16. A method, comprising:
receiving a plurality of training data structures, wherein at least one training data structure of the plurality of training data structures comprises an adjacency matrix and a Laplacian matrix;
for the at least one training data structure of the plurality of training data structures:
extracting one or more component representations based on the adjacency matrix and a modified adjacency matrix of the at least one training data structure;
updating the one or more component representations to create updated component representations based on exponentiation operations corresponding to the modified adjacency matrix and predefined hyperparameters;
updating a node decoder based on the updated component representations; and
updating an edge decoder based on the one or more component representations.
17. The method of claim 16, further comprising:
adding permutation invariance to the at least one training data structure.
18. The method of claim 16, wherein:
updating the node decoder and the edge decoder corresponds to updating a first neural network and updating a second neural network, and wherein the first neural network is updated for feature extraction based on one or more inherent features or the one or more relationships of the one or more of components representations, and wherein the second neural network is updated for pattern analysis using a decoding of edges based on graph adjacency patterns of the updated component representations.

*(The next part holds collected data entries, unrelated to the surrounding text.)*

lemma convpow_binomial:
  "convpow f n F = (\<Sum>k\<le>n. of_nat (n choose k) * convpow (\<lambda>G. f G - counit G) k F :: 'k::field)"
proof (induction n arbitrary: F)
  case 0
  then show ?case by simp
next
  case (Suc n)
  define D where "D k = convpow (\<lambda>G. f G - counit G) k F" for k
  have IH: "convpow f n = (\<lambda>w. \<Sum>k\<le>n. of_nat (n choose k) * convpow (\<lambda>G. f G - counit G) k w)"
    using Suc.IH by (simp add: fun_eq_iff)
  have "convpow f (Suc n) F
      = (\<Sum>k\<le>n. of_nat (n choose k) * D (Suc k)) + (\<Sum>k\<le>n. of_nat (n choose k) * D k)"
    by (simp add: conv_counit_decompose[of f] IH conv_sum_right conv_cmult_right D_def
        distrib_left sum.distrib)
  also have "(\<Sum>k\<le>n. of_nat (n choose k) * D k) = D 0 + (\<Sum>k\<le>n. of_nat (n choose Suc k) * D (Suc k))"
  proof -
    have "(\<Sum>k\<le>Suc n. of_nat (n choose k) * D k) = (\<Sum>k\<le>n. of_nat (n choose k) * D k)"
      by (simp add: binomial_eq_0)
    then show ?thesis by (simp only: sum.atMost_Suc_shift) simp
  qed
  also have "(\<Sum>k\<le>n. of_nat (n choose k) * D (Suc k)) + (D 0 + (\<Sum>k\<le>n. of_nat (n choose Suc k) * D (Suc k)))
     = D 0 + (\<Sum>k\<le>n. of_nat (Suc n choose Suc k) * D (Suc k))"
    by (simp add: sum.distrib[symmetric] algebra_simps)
  also have "\<dots> = (\<Sum>k\<le>Suc n. of_nat (Suc n choose k) * D k)"
    by (simp only: sum.atMost_Suc_shift) simp
  finally show ?case by (simp add: D_def)
qed

lemma multiplicative_delta: "multiplicative delta_char"
  by (simp add: multiplicative_def delta_char_def)
lemma Pplus_0 [simp]: "Pplus E A B H P0 Q R x0 u y 0 = P0"
  and xplus_0 [simp]: "xplus E A B H P0 Q R x0 u y 0 = x0"
  by (simp_all add: Pplus_def xplus_def)

lemma Pplus_Suc:
  "Pplus E A B H P0 Q R x0 u y (Suc k) =
      matrix_inv (transpose E ** matrix_inv (Pminus E A B H P0 Q R x0 u y k) ** E
                  + transpose H ** matrix_inv R ** H)"
  and xplus_Suc:
  "xplus E A B H P0 Q R x0 u y (Suc k) =
      Pplus E A B H P0 Q R x0 u y (Suc k) *v (transpose H *v (matrix_inv R *v y (Suc k)))
      + Pplus E A B H P0 Q R x0 u y (Suc k) *v (transpose E *v (matrix_inv (Pminus E A B H P0 Q R x0 u y k) *v
          (A *v xplus E A B H P0 Q R x0 u y k + B *v u k)))"
  by (cases "kf E A B H P0 Q R x0 u y k"; simp add: Pplus_def xplus_def Pminus_def Let_def)+

locale descriptor_estimation =
  fixes E A :: "real^'n^'n1" and B :: "real^'q^'n1" and H :: "real^'n^'m"
    and P0 :: "real^'n^'n" and Q :: "real^'n1^'n1" and R :: "real^'m^'m"
    and x0 :: "real^'n" and u :: "nat \<Rightarrow> real^'q" and y :: "nat \<Rightarrow> real^'m"
  assumes stack_injective: "\<And>z. E *v z = 0 \<Longrightarrow> H *v z = 0 \<Longrightarrow> z = 0"
    and spd_P0: "spd P0" and spd_Q: "spd Q" and spd_R: "spd R"
begin

abbreviation "xp \<equiv> xplus E A B H P0 Q R x0 u y"
abbreviation "Pp \<equiv> Pplus E A B H P0 Q R x0 u y"
abbreviation "Pm \<equiv> Pminus E A B H P0 Q R x0 u y"
abbreviation "Gs \<equiv> Gsm E A B H P0 Q R x0 u y"
abbreviation "xs \<equiv> xsm E A B H P0 Q R x0 u y"

lemma spd_Pplus: "spd (Pp k)"
proof (induction k)
  case 0
  show ?case by (simp add: spd_P0)
next
  case (Suc k)
  then have "spd (Pm k)"
    unfolding Pminus_def using spd_Q by (rule spd_congruence_add)
  then show ?case
    unfolding Pplus_Suc using spd_R stack_injective by (intro spd_matrix_inv spd_congruence_sum)
qed

lemma spd_Pminus: "spd (Pm k)"
  unfolding Pminus_def using spd_Pplus spd_Q by (rule spd_congruence_add)

definition arrival_cost :: "nat \<Rightarrow> nat \<Rightarrow> (nat \<Rightarrow> real^'n) \<Rightarrow> real" where
  "arrival_cost T j x =
     wnorm (Pm j) (E *v x (Suc j) - A *v xp j - B *v u j)
     + (\<Sum>k=Suc j..T-1. wnorm Q (E *v x (k+1) - A *v x k - B *v u k))
     + (\<Sum>k=Suc j..T. wnorm R (y k - H *v x k))"
definition coassoc_vars :: "nat \<Rightarrow> nat \<Rightarrow> ((slgen + slgen) + sogen) fa" where
  "coassoc_vars i v =
     Gen ([Inl (Inl (F i)), Inl (Inl (K i)), Inl (Inl (E i)), Inl (Inr (F i)), Inl (Inr (K i)),
           Inl (Inr (Kinv i)), Inl (Inr (E i)), Inr (I i)] ! v)"

definition coproduct_rules :: "nc_rule list" where
  "coproduct_rules = [([4, 2], TMul (TVar 2) (TVar 4)), ([4, 5], TConst qc_one)]"

definition Delta_iota_term :: nc_term where
  "Delta_iota_term = iota_term (TAdd (TVar 0) (TMul (TVar 1) (TVar 3))) (TMul (TVar 1) (TVar 4))
     (TAdd (TMul (TVar 2) (TVar 5)) (TVar 6))"

definition id_iota_phi_term :: nc_term where
  "id_iota_phi_term =
     TAdd (iota_term (TVar 0) (TVar 1) (TVar 2)) (TMul (TVar 1) (iota_term (TVar 3) (TVar 4) (TVar 6)))"

definition Delta_phi_term :: nc_term where
  "Delta_phi_term = TAdd Delta_iota_term (TMul (TMul (TVar 1) (TVar 4)) (TVar 7))"

definition id_phi_phi_term :: nc_term where
  "id_phi_phi_term = TAdd (iota_term (TVar 0) (TVar 1) (TVar 2))
     (TMul (TVar 1) (TAdd (iota_term (TVar 3) (TVar 4) (TVar 6)) (TMul (TVar 4) (TVar 7))))"

definition eps_phi_term :: nc_term where
  "eps_phi_term =
     TAdd (iota_term (TConst qc_zero) (TConst qc_one) (TConst qc_zero)) (TMul (TConst qc_one) (TVar 0))"

lemma coassoc_check:
  "reduce (compile_rules coproduct_rules) 10 (ncpoly_of_term (nc_diff Delta_phi_term id_phi_phi_term)) = []"
  by code_simp

lemma coproduct_iota_check:
  "reduce (compile_rules coproduct_rules) 10 (ncpoly_of_term (nc_diff id_iota_phi_term Delta_iota_term)) = []"
  by code_simp

lemma counit_check: "reduce (compile_rules []) 1 (ncpoly_of_term (nc_diff eps_phi_term (TVar 0))) = []"
  by code_simp

lemma alg_eq_subst_cong_sogen:
  "(\<And>i. alg_eq R (f (I i)) (g (I i))) \<Longrightarrow> alg_eq R (subst f a) (subst g a)"
  by (rule alg_eq_subst_cong) (metis sogen.exhaust)

context q_regular
begin

lemma rules_sound_coproduct_coassoc:
  "i \<in> {1..n - 1} \<Longrightarrow>
    rules_sound (tensor_rels (tensor_rels RA (sl_rels n q)) RC) q (coassoc_vars i) coproduct_rules"
  using alg_eq_map_Inl[where RB = RC, OF tensor_rels_commute[of RA "sl_rels n q" "K i" "E i"]]
  by (simp add: rules_sound_def coproduct_rules_def coassoc_vars_def sl_middle.K_Kinv)

lemma rules_sound_coproduct:
  "i \<in> {1..n - 1} \<Longrightarrow> rules_sound (tensor_rels RA (sl_rels n q)) q (coproduct_vars i) coproduct_rules"
  by (simp add: rules_sound_def coproduct_rules_def coproduct_vars_def sl_right.K_Kinv tensor_rels_commute)

lemma phi_coassoc_gen:
  assumes "i \<in> {1..n - 1}"
  shows "alg_eq (tensor_rels (tensor_rels (sl_rels n q) (sl_rels n q)) (so_rels n q))
    (subst (Delta_id n) (phi_gen n q (I i))) (subst (id_phi n q) (phi_gen n q (I i)))"
  using alg_eq_if_reduce_diff_Nil[OF rules_sound_coproduct_coassoc[OF assms] coassoc_check] assms
  by (simp add: Delta_phi_term_def Delta_iota_term_def id_phi_phi_term_def iota_term_def coassoc_vars_def
      Delta_id_def id_phi_def sl_Delta_def sl_gen_in_range_def phi_gen_def iota_gen_def Sub_def Sm_def)

lemma phi_id_iota_gen:
  assumes "i \<in> {1..n - 1}"
  shows "alg_eq (tensor_rels (sl_rels n q) (sl_rels n q))
    (subst (id_iota n q) (phi_gen n q (I i))) (subst (sl_Delta n) (iota_gen n q (I i)))"
  using alg_eq_if_reduce_diff_Nil[OF rules_sound_coproduct[OF assms] coproduct_iota_check] assms
  by (simp add: Delta_iota_term_def id_iota_phi_term_def iota_term_def coproduct_vars_def
      id_iota_def sl_Delta_def sl_gen_in_range_def phi_gen_def iota_gen_def Sub_def Sm_def)

lemma phi_counit_gen:
  assumes "i \<in> {1..n - 1}"
  shows "alg_eq (so_rels n q) (subst (eps_id n) (phi_gen n q (I i))) (Gen (I i))"
  using alg_eq_if_reduce_diff_Nil[OF _ counit_check, of "so_rels n q" "\<lambda>_. Gen (I i)"] assms
  by (simp add: rules_sound_def eps_phi_term_def iota_term_def eps_id_def sl_eps_def sl_gen_in_range_def
      phi_gen_def iota_gen_def Sub_def Sm_def)

lemma phi_coassociative:
  "alg_eq (tensor_rels (tensor_rels (sl_rels n q) (sl_rels n q)) (so_rels n q))
     (subst (Delta_id n) (subst (phi_gen n q) a)) (subst (id_phi n q) (subst (phi_gen n q) a))"
  unfolding subst_subst
proof (rule alg_eq_subst_cong_sogen)
  fix i
  show "alg_eq (tensor_rels (tensor_rels (sl_rels n q) (sl_rels n q)) (so_rels n q))
      (subst (Delta_id n) (phi_gen n q (I i))) (subst (id_phi n q) (phi_gen n q (I i)))"
    using phi_coassoc_gen[of i] by (cases "i \<in> {1..n - 1}") (simp_all add: phi_gen_out_of_range alg_eq.refl)
qed

lemma phi_counital: "alg_eq (so_rels n q) (subst (eps_id n) (subst (phi_gen n q) a)) a"
proof -
  have "alg_eq (so_rels n q) (subst (\<lambda>x. subst (eps_id n) (phi_gen n q x)) a) (subst Gen a)"
  proof (rule alg_eq_subst_cong_sogen)
    fix i
    have "i \<notin> {1..n - 1} \<Longrightarrow> alg_eq (so_rels n q) (Scal 0) (Gen (I i))"
      by (rule alg_eq.sym, rule alg_eq.rel) (simp add: so_rels_def)
    then show "alg_eq (so_rels n q) (subst (eps_id n) (phi_gen n q (I i))) (Gen (I i))"
      using phi_counit_gen[of i] by (cases "i \<in> {1..n - 1}") (simp_all add: phi_gen_out_of_range)
  qed
  then show ?thesis by (simp add: subst_subst subst_Gen)
qed

lemma phi_id_iota:
  "alg_eq (tensor_rels (sl_rels n q) (sl_rels n q))
     (subst (id_iota n q) (subst (phi_gen n q) a)) (subst (sl_Delta n) (subst (iota_gen n q) a))"
  unfolding subst_subst
proof (rule alg_eq_subst_cong_sogen)
  fix i
  show "alg_eq (tensor_rels (sl_rels n q) (sl_rels n q))
      (subst (id_iota n q) (phi_gen n q (I i))) (subst (sl_Delta n) (iota_gen n q (I i)))"
    using phi_id_iota_gen[of i]
    by (cases "i \<in> {1..n - 1}") (simp_all add: phi_gen_out_of_range iota_gen_out_of_range alg_eq.refl)
qed

end

theorem proposition1:
  fixes n :: nat and q :: complex
  assumes "n \<ge> 2" and "q \<noteq> 0" and "q \<noteq> 1" and "q \<noteq> -1"
    and "\<forall>m::nat. m > 0 \<longrightarrow> q ^ m \<noteq> 1"
  shows "extends_to_hom (so_rels n q) (tensor_rels (sl_rels n q) (so_rels n q)) (phi_gen n q)
    \<and> (\<forall>a. alg_eq (tensor_rels (tensor_rels (sl_rels n q) (sl_rels n q)) (so_rels n q))
            (subst (Delta_id n) (subst (phi_gen n q) a))
            (subst (id_phi n q) (subst (phi_gen n q) a)))
    \<and> (\<forall>a. alg_eq (so_rels n q) (subst (eps_id n) (subst (phi_gen n q) a)) a)
    \<and> (\<forall>a. alg_eq (tensor_rels (sl_rels n q) (sl_rels n q))
            (subst (id_iota n q) (subst (phi_gen n q) a))
            (subst (sl_Delta n) (subst (iota_gen n q) a)))"
proof -
  interpret q_regular q
    using assms(2-4) by unfold_locales (simp_all add: power2_eq_1_iff)
  show ?thesis
    using extends_to_hom_phi phi_coassociative phi_counital phi_id_iota by blast
qed

end
(* On the trivial homogeneous $\mathrm{U}(1)$-principal bundle $P=V^{5,2}\times\mathrm{U}(1)$ over $V^{5,2}=\mathrm{SO}(5)/\mathrm{SO}(3)$ (induced by the trivial homomorphism $\mathrm{SO}(3)\to\mathrm{U}(1)$), the $\mathrm{SO}(5)$-invariant connections are exactly those corresponding to the linear maps $\beta:\mathfrak{so}(5)\to\mathfrak u(1)$ of the form $\beta=a_1\,e^1\otimes u$, $a_1\in\mathbb{R}$, where $u$ is a fixed generator of $\mathfrak u(1)\cong\mathbb{R}$. Furthermore, the curvature of such a connection lies in $\Omega^2_1$, i.e. is a constant multiple of the invariant 2-form $\omega$ corresponding to $e^{25}+e^{36}+e^{47}$, tensored with $u$.
   Context: Basis of $\mathfrak{so}(5)$ (with $E_{ij}$ the elementary $5\times5$ matrices): $e_1=E_{12}-E_{21}$, $e_2=E_{13}-E_{31}$, $e_3=E_{14}-E_{41}$, $e_4=E_{15}-E_{51}$, $e_5=E_{23}-E_{32}$, $e_6=E_{24}-E_{42}$, $e_7=E_{25}-E_{52}$, $e_8=E_{34}-E_{43}$, $e_9=E_{35}-E_{53}$, $e_{10}=E_{54}-E_{45}$; bracket = commutator. $\mathrm{SO}(3)\subset\mathrm{SO}(5)$ has Lie algebra $\mathrm{span}\{e_8,e_9,e_{10}\}$; $e^i$ dual basis. For a homomorphism $\phi:H\to K$, $G$-invariant connections on $G\times_\phi K\to G/H$ correspond bijectively to linear maps $\alpha:\mathfrak g\to\mathfrak k$ with $\alpha|_{\mathfrak h}=\phi_*$ and $\alpha\circ\mathrm{Ad}(h)=\mathrm{Ad}(\phi(h))\circ\alpha$ for $h\in H$. The curvature is the invariant form given on $\mathfrak m=\mathrm{span}\{e_1,\dots,e_7\}$ by $F(X,Y)=[\alpha X,\alpha Y]-\alpha([X,Y])$. $\Omega^2_1$ denotes 2-forms $f\,\omega$ with $\omega=e^{25}+e^{36}+e^{47}$. *)

theory Defs
  imports "HOL-Analysis.Analysis"
begin

text \<open>Matrix indices 1..5 of the paper are mapped to the elements 0..4 of the numeral type 5.\<close>

definition idx :: "nat \<Rightarrow> 5" where
  "idx k = of_nat (k - 1)"

definition Emat :: "nat \<Rightarrow> nat \<Rightarrow> real^5^5" where
  "Emat i j = (\<chi> a b. if a = idx i \<and> b = idx j then 1 else 0)"

definition so5 :: "(real^5^5) set" where
  "so5 = {A. transpose A = - A}"

definition brk :: "real^5^5 \<Rightarrow> real^5^5 \<Rightarrow> real^5^5" where
  "brk A B = A ** B - B ** A"

definition ebas :: "nat \<Rightarrow> real^5^5" where
  "ebas k = (if k = 1 then Emat 1 2 - Emat 2 1
       else if k = 2 then Emat 1 3 - Emat 3 1
       else if k = 3 then Emat 1 4 - Emat 4 1
       else if k = 4 then Emat 1 5 - Emat 5 1
       else if k = 5 then Emat 2 3 - Emat 3 2
       else if k = 6 then Emat 2 4 - Emat 4 2
       else if k = 7 then Emat 2 5 - Emat 5 2
       else if k = 8 then Emat 3 4 - Emat 4 3
       else if k = 9 then Emat 3 5 - Emat 5 3
       else Emat 5 4 - Emat 4 5)"

definition edual :: "nat \<Rightarrow> real^5^5 \<Rightarrow> real" where
  "edual k X = (if k = 1 then X $ idx 1 $ idx 2
       else if k = 2 then X $ idx 1 $ idx 3
       else if k = 3 then X $ idx 1 $ idx 4
       else if k = 4 then X $ idx 1 $ idx 5
       else if k = 5 then X $ idx 2 $ idx 3
       else if k = 6 then X $ idx 2 $ idx 4
       else if k = 7 then X $ idx 2 $ idx 5
       else if k = 8 then X $ idx 3 $ idx 4
       else if k = 9 then X $ idx 3 $ idx 5
       else X $ idx 5 $ idx 4)"

definition hh :: "(real^5^5) set" where
  "hh = span {ebas 8, ebas 9, ebas 10}"

definition mm :: "(real^5^5) set" where
  "mm = span (ebas ` {1..7})"

text \<open>SO(3) inside SO(5): rotations fixing the first two coordinate axes
  (i.e. acting on coordinates 3,4,5), whose Lie algebra is span{e8,e9,e10}.\<close>
definition SO3 :: "(real^5^5) set" where
  "SO3 = {h. orthogonal_matrix h \<and> det h = 1 \<and>
              h *v axis (idx 1) 1 = axis (idx 1) 1 \<and> h *v axis (idx 2) 1 = axis (idx 2) 1}"

definition Ad :: "real^5^5 \<Rightarrow> real^5^5 \<Rightarrow> real^5^5" where
  "Ad h X = h ** X ** matrix_inv h"

text \<open>u(1) is identified with the reals (generator u = 1); it is abelian.\<close>
definition u1_brk :: "real \<Rightarrow> real \<Rightarrow> real" where
  "u1_brk a b = 0"

definition linear_on_so5 :: "(real^5^5 \<Rightarrow> real) \<Rightarrow> bool" where
  "linear_on_so5 \<alpha> \<longleftrightarrow>
     (\<forall>X\<in>so5. \<forall>Y\<in>so5. \<alpha> (X + Y) = \<alpha> X + \<alpha> Y) \<and>
     (\<forall>c. \<forall>X\<in>so5. \<alpha> (c *\<^sub>R X) = c * \<alpha> X)"

text \<open>Wang-type data of an SO(5)-invariant connection on SO(5) \<times>_\<phi> U(1) for
  the trivial homomorphism \<phi> : SO(3) \<rightarrow> U(1): \<phi>_* = 0 and Ad(\<phi>(h)) = id.\<close>
definition inv_conn :: "(real^5^5 \<Rightarrow> real) \<Rightarrow> bool" where
  "inv_conn \<alpha> \<longleftrightarrow>
     (\<forall>X\<in>hh. \<alpha> X = 0) \<and>
     (\<forall>h\<in>SO3. \<forall>X\<in>so5. \<alpha> (Ad h X) = \<alpha> X)"

definition curv :: "(real^5^5 \<Rightarrow> real) \<Rightarrow> real^5^5 \<Rightarrow> real^5^5 \<Rightarrow> real" where
  "curv \<alpha> X Y = u1_brk (\<alpha> X) (\<alpha> Y) - \<alpha> (brk X Y)"

definition wedge :: "nat \<Rightarrow> nat \<Rightarrow> real^5^5 \<Rightarrow> real^5^5 \<Rightarrow> real" where
  "wedge i j X Y = edual i X * edual j Y - edual j X * edual i Y"

definition omega :: "real^5^5 \<Rightarrow> real^5^5 \<Rightarrow> real" where
  "omega X Y = wedge 2 5 X Y + wedge 3 6 X Y + wedge 4 7 X Y"

end

theory Submission
  imports Defs
begin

19. The method of claim 18, further comprising, for the at least one training data structure of the plurality of training data structures, prior to the extracting:
modifying the adjacency matrix to create the modified adjacency matrix of the at least one training data structure with a disturbance based on a predetermined factor to introduce noisy in the adjacency matrix of each training data structure.
20. The method of claim 18, further comprising, for the at least one training data structure of the plurality of training data structures, prior to the extracting:
modifying the adjacency matrix to create the modified adjacency matrix of the at least one training data structure with a disturbance based a random permutation to promote invariance in the adjacency matrix of each training data structure.